New Mr DIY shops are opened based mostly on precise market demand, decided by way of a combination of in-house evaluation of self-collected knowledge and enterprise acumen.
“Our market analysis is sort of intensive and relies on uncooked knowledge that we gather from our actions, in addition to from gross sales.”
Usually, as soon as we’ve got learnt what works for a sure form of localised market, based mostly on location, surrounding inhabitants demographics, and many others., we are going to apply the identical logic to a retailer in an space with comparable circumstances,” Andy informed The Star.
So far, this has labored effectively for them.

Apart from Mr DIY, the corporate additionally branched out into different companies, particularly with the launch of Mr TOY in 2019, a home-grown toy retailer chain now with 28 shops, and Mr DOLLAR in 2020, a dollar-store idea the place every little thing is RM2 or RM5.
No Indicators Of Slowing Down
Mr DIY’s market capitalisation of RM10 billion has made it even extra worthwhile than Malaysia’s airport operator, MAS, and even our nationwide postal service supplier, Pos Malaysia.
The one different family names which have a better market cap than Mr DIY are Telekom Malaysia, Fraser & Neave Holdings, Genting, and Genting Malaysia.
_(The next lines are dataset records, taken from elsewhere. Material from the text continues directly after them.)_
lemma AE_tendsto_zero_if_summable_measure:
  fixes X :: "nat \<Rightarrow> 'a \<Rightarrow> real"
  assumes M: "prob_space M" and X [measurable]: "\<And>n. X n \<in> borel_measurable M"
    and summable: "\<And>\<epsilon>. 0 < \<epsilon> \<Longrightarrow> summable (\<lambda>n. measure M {\<omega> \<in> space M. \<epsilon> < \<bar>X n \<omega>\<bar>})"
  shows "AE \<omega> in M. (\<lambda>n. X n \<omega>) \<longlonglongrightarrow> 0"
proof -
  interpret prob_space M by (fact M)
  have "AE \<omega> in M. eventually (\<lambda>n. \<bar>X n \<omega>\<bar> \<le> \<epsilon>) sequentially" if "0 < \<epsilon>" for \<epsilon>
  proof -
    have "AE \<omega> in M. eventually (\<lambda>n. \<omega> \<in> space M - {\<omega> \<in> space M. \<epsilon> < \<bar>X n \<omega>\<bar>}) sequentially"
      by (intro borel_cantelli_AE1 summable[OF that]) (auto simp: less_top[symmetric])
    then show ?thesis
      by (rule eventually_mono) (auto elim: eventually_mono)
  qed
  then have "AE \<omega> in M. \<forall>k. eventually (\<lambda>n. \<bar>X n \<omega>\<bar> \<le> inverse (Suc k)) sequentially"
    by (simp add: AE_all_countable)
  then show ?thesis
  proof (rule eventually_mono)
    fix \<omega> assume \<omega>: "\<forall>k. eventually (\<lambda>n. \<bar>X n \<omega>\<bar> \<le> inverse (Suc k)) sequentially"
    show "(\<lambda>n. X n \<omega>) \<longlonglongrightarrow> 0"
    proof (rule tendstoI)
      fix e :: real assume "0 < e"
      then obtain k where "inverse (Suc k) < e" using reals_Archimedean by blast
      with \<omega>[rule_format, of k] show "eventually (\<lambda>n. dist (X n \<omega>) 0 < e) sequentially"
        by (auto elim: eventually_mono)
    qed
  qed
qed

lemma integrable_integral_le_of_nn_integral_le:
  fixes f :: "'a \<Rightarrow> real"
  assumes f [measurable]: "f \<in> borel_measurable M" and nonneg: "\<And>x. x \<in> space M \<Longrightarrow> 0 \<le> f x"
    and le: "(\<integral>\<^sup>+x. ennreal (f x) \<partial>M) \<le> ennreal B" and B: "0 \<le> B"
  shows "integrable M f \<and> (\<integral>x. f x \<partial>M) \<le> B"
proof
  show int: "integrable M f"
    using le nonneg by (intro integrableI_nonneg) (auto simp: le_less_trans)
  have "ennreal (\<integral>x. f x \<partial>M) = (\<integral>\<^sup>+x. ennreal (f x) \<partial>M)"
    using int nonneg by (intro nn_integral_eq_integral[symmetric]) auto
  with le have "ennreal (\<integral>x. f x \<partial>M) \<le> ennreal B"
    by simp
  with B show "(\<integral>x. f x \<partial>M) \<le> B"
    by (simp add: ennreal_le_iff)
qed

locale NSD_triangular_array = prob_space M for M :: "'a measure" +
  fixes t :: "nat \<Rightarrow> nat \<Rightarrow> 'a \<Rightarrow> real" and g :: "nat \<Rightarrow> nat" and r C G :: real
  assumes measurable_t: "\<And>N j. 1 \<le> N \<Longrightarrow> 1 \<le> j \<Longrightarrow> t N j \<in> borel_measurable M"
    and t_pos: "\<And>N j \<omega>. 1 \<le> N \<Longrightarrow> 1 \<le> j \<Longrightarrow> \<omega> \<in> space M \<Longrightarrow> 0 < t N j \<omega>"
    and t_mean: "\<And>N j. 1 \<le> N \<Longrightarrow> 1 \<le> j \<Longrightarrow>
                   integrable M (t N j) \<and> (\<integral>\<omega>. t N j \<omega> \<partial>M) = 1 / real N"
    and t_moment: "\<And>N j. 1 \<le> N \<Longrightarrow> 1 \<le> j \<Longrightarrow>
                   integrable M (\<lambda>\<omega>. t N j \<omega> powr (2 + r))
                   \<and> (\<integral>\<omega>. t N j \<omega> powr (2 + r) \<partial>M) \<le> C / real N powr (2 + r)"
    and t_NSD: "\<And>N m. 1 \<le> N \<Longrightarrow> NSD M {1..m} (t N)"
    and r_pos: "0 < r" and C_nonneg: "0 \<le> C"
    and G_pos: "0 < G" and g_le: "\<And>N. 1 \<le> N \<Longrightarrow> real (g N) \<le> G * real N"
begin

lemma measure_sum_deviation_le:
  fixes c \<theta> \<epsilon> :: real
  assumes N: "1 \<le> N" and c: "0 < c" and \<theta>: "0 < \<theta>" "\<theta> \<le> 1" "4 * \<theta> * G \<le> \<epsilon>"
    and trunc: "g N * (C / real N powr (2 + r)) / c powr (1 + r) \<le> \<epsilon> / 2"
  shows "measure M {\<omega> \<in> space M. \<epsilon> < \<bar>\<Sum>j=1..g N. (t N j \<omega> - 1 / real N)\<bar>}
           \<le> 2 * exp (- (\<theta> * \<epsilon> / (4 * c))) + g N * (C / real N powr (2 + r)) / c powr (2 + r)"
proof -
  have "4 * \<theta> * (g N * (1 / real N)) \<le> 4 * \<theta> * G"
    using g_le[OF N] N \<theta> by (intro mult_left_mono) (auto simp: field_simps)
  then show ?thesis
    using NSD_sum_deviation_measure_le[OF prob_space_axioms _ _ t_NSD[OF N] _ _ t_moment _ c \<theta>(1,2),
        where a="1 / real N" and \<epsilon>=\<epsilon>] measurable_t t_pos t_mean N \<theta>(3) trunc r_pos
    by (simp add: add_diff_eq)
qed

lemma summable_measure_sum_deviation:
  assumes \<epsilon>: "0 < \<epsilon>"
  shows "summable (\<lambda>N. measure M {\<omega> \<in> space M. \<epsilon> < \<bar>\<Sum>j=1..g N. (t N j \<omega> - 1 / real N)\<bar>})"
proof -
  \<comment> \<open>At truncation level \<open>N powr - \<alpha>\<close> the Chernoff exponent grows like \<open>N powr \<alpha>\<close>,
    while the truncation terms stay of order \<open>N powr (1 + \<alpha> * p - p) = N powr (-1 - r / 2)\<close>.\<close>
  define p where "p = 2 + r"
  define \<alpha> where "\<alpha> = r / (2 * p)"
  define \<theta> where "\<theta> = min 1 (\<epsilon> / (4 * G))"
  define \<kappa> where "\<kappa> = \<theta> * \<epsilon> / 4"
  define w where "w N = G * C * real N powr (-1 - r / 2)" for N :: nat
  have p: "1 \<le> p"
    using r_pos by (simp add: p_def)
  then have \<alpha>: "0 < \<alpha>" "\<alpha> * p = r / 2"
    using r_pos by (simp_all add: \<alpha>_def)
  have \<theta>: "0 < \<theta>" "\<theta> \<le> 1" "4 * \<theta> * G \<le> \<epsilon>"
    using \<epsilon> G_pos by (auto simp: \<theta>_def min_def field_simps)
  have \<kappa>: "0 < \<kappa>"
    using \<theta> \<epsilon> by (simp add: \<kappa>_def)
  have w: "summable w"
    unfolding w_def using r_pos by (intro summable_mult summable_real_powr_iff[THEN iffD2]) auto
  have exponent: "1 + \<alpha> * p - p = -1 - r / 2"
    unfolding \<alpha>(2) by (simp add: p_def)
  have bound: "measure M {\<omega> \<in> space M. \<epsilon> < \<bar>\<Sum>j=1..g N. (t N j \<omega> - 1 / real N)\<bar>}
      \<le> 2 * exp (- (\<kappa> * real N powr \<alpha>)) + w N" if N: "1 \<le> N" and wN: "w N \<le> \<epsilon> / 2" for N
  proof -
    define c where "c = real N powr - \<alpha>"
    have c: "0 < c"
      using N by (simp add: c_def)
    have tail: "g N * (C / real N powr p) / c powr q \<le> w N" if "q \<le> p" for q
      unfolding c_def w_def exponent[symmetric] using N g_le G_pos C_nonneg \<alpha> that
      by (intro mult_divide_powr_neg_powr_le) auto
    have "g N * (C / real N powr (2 + r)) / c powr (1 + r) \<le> \<epsilon> / 2"
      using order.trans[OF tail wN] by (simp add: p_def)
    moreover have "\<theta> * \<epsilon> / (4 * c) = \<kappa> * real N powr \<alpha>"
      by (simp add: c_def \<kappa>_def powr_minus field_simps)
    ultimately have "measure M {\<omega> \<in> space M. \<epsilon> < \<bar>\<Sum>j=1..g N. (t N j \<omega> - 1 / real N)\<bar>}
        \<le> 2 * exp (- (\<kappa> * real N powr \<alpha>)) + g N * (C / real N powr p) / c powr p"
      using measure_sum_deviation_le[OF N c \<theta>] by (simp add: p_def)
    then show ?thesis
      using tail[of p] by simp
  qed
  show ?thesis
  proof (rule summable_comparison_test_ev)
    show "summable (\<lambda>N. 2 * exp (- (\<kappa> * real N powr \<alpha>)) + w N)"
      by (intro summable_add summable_mult summable_exp_neg_powr \<kappa> \<alpha> w)
    have "eventually (\<lambda>N. w N < \<epsilon> / 2) sequentially"
      using summable_LIMSEQ_zero[OF w] \<epsilon> by (intro order_tendstoD(2)) auto
    then show "eventually (\<lambda>N. norm (measure M {\<omega> \<in> space M. \<epsilon> < \<bar>\<Sum>j=1..g N. (t N j \<omega> - 1 / real N)\<bar>})
        \<le> 2 * exp (- (\<kappa> * real N powr \<alpha>)) + w N) sequentially"
      using eventually_ge_at_top[of 1] by eventually_elim (use bound in simp)
  qed
qed

lemma AE_sum_deviation_tendsto_zero:
  "AE \<omega> in M. (\<lambda>N. \<Sum>j=1..g N. (t N j \<omega> - 1 / real N)) \<longlonglongrightarrow> 0"
proof -
  define S where "S N \<omega> = (\<Sum>j=1..g N. (t N j \<omega> - 1 / real N))" for N \<omega>
  have "AE \<omega> in M. (\<lambda>N. S (Suc N) \<omega>) \<longlonglongrightarrow> 0"
  proof (rule AE_tendsto_zero_if_summable_measure[OF prob_space_axioms])
    show "S (Suc N) \<in> borel_measurable M" for N
      unfolding S_def by (intro borel_measurable_sum borel_measurable_diff measurable_t) auto
    show "summable (\<lambda>N. measure M {\<omega> \<in> space M. \<epsilon> < \<bar>S (Suc N) \<omega>\<bar>})" if "0 < \<epsilon>" for \<epsilon>
      using summable_Suc_iff[of "\<lambda>N. measure M {\<omega> \<in> space M. \<epsilon> < \<bar>S N \<omega>\<bar>}"]
        summable_measure_sum_deviation[OF that]
      by (simp add: S_def)
  qed
  then show ?thesis
    unfolding S_def by (rule eventually_mono) (rule filterlim_sequentially_Suc[THEN iffD1])
qed

lemma AE_sum_centred_tendsto_zero:
  "AE \<omega> in M. (\<lambda>N. \<Sum>j=1..g N. (t N j \<omega> - (\<integral>\<omega>'. t N j \<omega>' \<partial>M))) \<longlonglongrightarrow> 0"
  using AE_sum_deviation_tendsto_zero
proof (rule eventually_mono)
  fix \<omega> assume "(\<lambda>N. \<Sum>j=1..g N. (t N j \<omega> - 1 / real N)) \<longlonglongrightarrow> 0"
  moreover have "eventually (\<lambda>N. (\<Sum>j=1..g N. (t N j \<omega> - 1 / real N))
      = (\<Sum>j=1..g N. (t N j \<omega> - (\<integral>\<omega>'. t N j \<omega>' \<partial>M)))) sequentially"
    using eventually_ge_at_top[of 1] by eventually_elim (simp add: t_mean)
  ultimately show "(\<lambda>N. \<Sum>j=1..g N. (t N j \<omega> - (\<integral>\<omega>'. t N j \<omega>' \<partial>M))) \<longlonglongrightarrow> 0"
    by (rule Lim_transform_eventually)
qed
The house enchancment retailer additionally now has the biggest IPO on Bursa in three years, aiming to boost RM1.5 billion from its itemizing.
They’re displaying no indicators of slowing down in any division, and are aiming to have 900 shops throughout Malaysia and Brunei by the tip of 2021.
- You may be taught extra about Mr DIY right here.
- You may examine different iconic Malaysian manufacturers right here.